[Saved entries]
========================
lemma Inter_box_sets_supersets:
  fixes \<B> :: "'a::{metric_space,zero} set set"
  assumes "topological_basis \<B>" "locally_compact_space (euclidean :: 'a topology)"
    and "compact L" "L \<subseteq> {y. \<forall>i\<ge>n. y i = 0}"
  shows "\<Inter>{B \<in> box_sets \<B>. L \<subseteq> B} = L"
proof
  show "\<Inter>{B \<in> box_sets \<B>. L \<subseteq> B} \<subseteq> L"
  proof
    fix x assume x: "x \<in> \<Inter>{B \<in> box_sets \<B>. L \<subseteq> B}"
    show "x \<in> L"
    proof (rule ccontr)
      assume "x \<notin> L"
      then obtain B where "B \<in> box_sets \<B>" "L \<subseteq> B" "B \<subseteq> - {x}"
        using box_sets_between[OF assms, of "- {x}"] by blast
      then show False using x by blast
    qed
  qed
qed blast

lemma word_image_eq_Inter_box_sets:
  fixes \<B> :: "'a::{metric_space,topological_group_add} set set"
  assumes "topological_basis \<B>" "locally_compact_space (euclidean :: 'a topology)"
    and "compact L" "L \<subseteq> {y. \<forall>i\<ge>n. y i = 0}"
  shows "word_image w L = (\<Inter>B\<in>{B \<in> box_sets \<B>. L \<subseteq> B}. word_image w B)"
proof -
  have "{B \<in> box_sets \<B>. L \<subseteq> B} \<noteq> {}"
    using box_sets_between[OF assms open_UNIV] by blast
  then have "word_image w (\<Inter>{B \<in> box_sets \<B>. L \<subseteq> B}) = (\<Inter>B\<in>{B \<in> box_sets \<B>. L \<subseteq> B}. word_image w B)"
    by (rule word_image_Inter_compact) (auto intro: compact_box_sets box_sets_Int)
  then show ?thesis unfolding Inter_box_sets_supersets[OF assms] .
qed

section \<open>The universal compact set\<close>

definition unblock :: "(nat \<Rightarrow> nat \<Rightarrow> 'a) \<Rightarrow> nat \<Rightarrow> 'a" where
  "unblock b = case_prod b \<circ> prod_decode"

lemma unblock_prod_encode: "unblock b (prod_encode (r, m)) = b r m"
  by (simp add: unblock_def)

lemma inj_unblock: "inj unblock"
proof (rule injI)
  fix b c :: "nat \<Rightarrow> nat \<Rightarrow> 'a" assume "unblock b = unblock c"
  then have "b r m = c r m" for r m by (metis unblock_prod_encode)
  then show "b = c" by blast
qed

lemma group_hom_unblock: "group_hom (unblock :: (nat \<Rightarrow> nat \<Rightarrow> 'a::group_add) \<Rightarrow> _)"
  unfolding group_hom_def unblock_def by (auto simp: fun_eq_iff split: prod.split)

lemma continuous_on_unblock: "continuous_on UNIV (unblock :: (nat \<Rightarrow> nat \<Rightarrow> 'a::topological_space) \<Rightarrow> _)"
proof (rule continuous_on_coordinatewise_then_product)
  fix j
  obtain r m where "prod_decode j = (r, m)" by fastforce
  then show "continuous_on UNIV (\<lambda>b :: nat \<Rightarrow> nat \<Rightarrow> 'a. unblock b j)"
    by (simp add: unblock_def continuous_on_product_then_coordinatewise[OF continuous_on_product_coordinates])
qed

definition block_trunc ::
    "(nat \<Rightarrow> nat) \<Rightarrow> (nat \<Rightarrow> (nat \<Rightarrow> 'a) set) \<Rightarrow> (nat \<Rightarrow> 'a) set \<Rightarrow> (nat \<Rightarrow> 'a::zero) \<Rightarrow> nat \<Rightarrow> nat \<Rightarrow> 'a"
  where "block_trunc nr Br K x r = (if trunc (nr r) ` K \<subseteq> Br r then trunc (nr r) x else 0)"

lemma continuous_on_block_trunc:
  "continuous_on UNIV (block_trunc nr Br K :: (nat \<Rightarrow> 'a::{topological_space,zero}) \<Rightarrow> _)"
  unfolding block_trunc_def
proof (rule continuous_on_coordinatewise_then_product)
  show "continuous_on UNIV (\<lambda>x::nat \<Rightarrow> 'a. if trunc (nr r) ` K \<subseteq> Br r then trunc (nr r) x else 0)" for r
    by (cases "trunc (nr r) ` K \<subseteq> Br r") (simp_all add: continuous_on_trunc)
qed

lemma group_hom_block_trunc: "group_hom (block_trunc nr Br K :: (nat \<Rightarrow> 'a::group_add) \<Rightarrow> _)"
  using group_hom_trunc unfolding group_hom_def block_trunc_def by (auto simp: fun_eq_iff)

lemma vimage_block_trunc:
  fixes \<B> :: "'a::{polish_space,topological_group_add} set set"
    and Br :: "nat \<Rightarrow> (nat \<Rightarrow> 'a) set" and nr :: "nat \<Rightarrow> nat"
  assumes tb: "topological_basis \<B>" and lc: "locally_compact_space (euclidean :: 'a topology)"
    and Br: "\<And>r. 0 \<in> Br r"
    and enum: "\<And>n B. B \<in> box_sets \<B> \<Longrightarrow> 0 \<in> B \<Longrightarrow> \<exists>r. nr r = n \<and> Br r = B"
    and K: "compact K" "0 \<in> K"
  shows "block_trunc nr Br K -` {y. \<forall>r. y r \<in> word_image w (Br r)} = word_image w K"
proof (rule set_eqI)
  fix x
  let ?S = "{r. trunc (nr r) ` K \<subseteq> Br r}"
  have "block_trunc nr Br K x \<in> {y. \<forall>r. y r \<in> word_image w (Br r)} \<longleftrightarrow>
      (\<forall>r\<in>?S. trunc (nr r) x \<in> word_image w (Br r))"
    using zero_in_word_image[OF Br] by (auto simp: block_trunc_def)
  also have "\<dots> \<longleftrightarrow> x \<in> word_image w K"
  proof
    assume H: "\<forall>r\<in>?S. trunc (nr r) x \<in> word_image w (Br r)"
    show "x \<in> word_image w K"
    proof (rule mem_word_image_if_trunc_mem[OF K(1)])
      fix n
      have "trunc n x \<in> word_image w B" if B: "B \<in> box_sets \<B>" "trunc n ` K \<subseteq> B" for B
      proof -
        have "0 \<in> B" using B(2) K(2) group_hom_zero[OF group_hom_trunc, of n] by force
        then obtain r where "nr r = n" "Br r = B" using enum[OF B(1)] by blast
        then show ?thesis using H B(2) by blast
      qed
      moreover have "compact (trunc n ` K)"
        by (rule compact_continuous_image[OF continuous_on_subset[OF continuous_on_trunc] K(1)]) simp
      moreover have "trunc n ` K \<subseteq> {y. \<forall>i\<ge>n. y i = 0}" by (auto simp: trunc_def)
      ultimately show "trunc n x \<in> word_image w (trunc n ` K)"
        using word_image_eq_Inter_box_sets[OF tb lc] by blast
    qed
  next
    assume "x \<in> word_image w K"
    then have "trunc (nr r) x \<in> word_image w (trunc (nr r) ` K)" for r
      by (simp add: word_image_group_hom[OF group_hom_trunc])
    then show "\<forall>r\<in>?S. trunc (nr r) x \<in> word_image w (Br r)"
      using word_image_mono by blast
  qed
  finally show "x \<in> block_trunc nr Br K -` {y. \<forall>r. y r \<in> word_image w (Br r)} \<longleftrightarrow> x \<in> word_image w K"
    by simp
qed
========================
Which lines in the records above hold the string "shows"? Copy each of them.

  shows "\<Inter>{B \<in> box_sets \<B>. L \<subseteq> B} = L"
  shows "word_image w L = (\<Inter>B\<in>{B \<in> box_sets \<B>. L \<subseteq> B}. word_image w B)"
  shows "block_trunc nr Br K -` {y. \<forall>r. y r \<in> word_image w (Br r)} = word_image w K"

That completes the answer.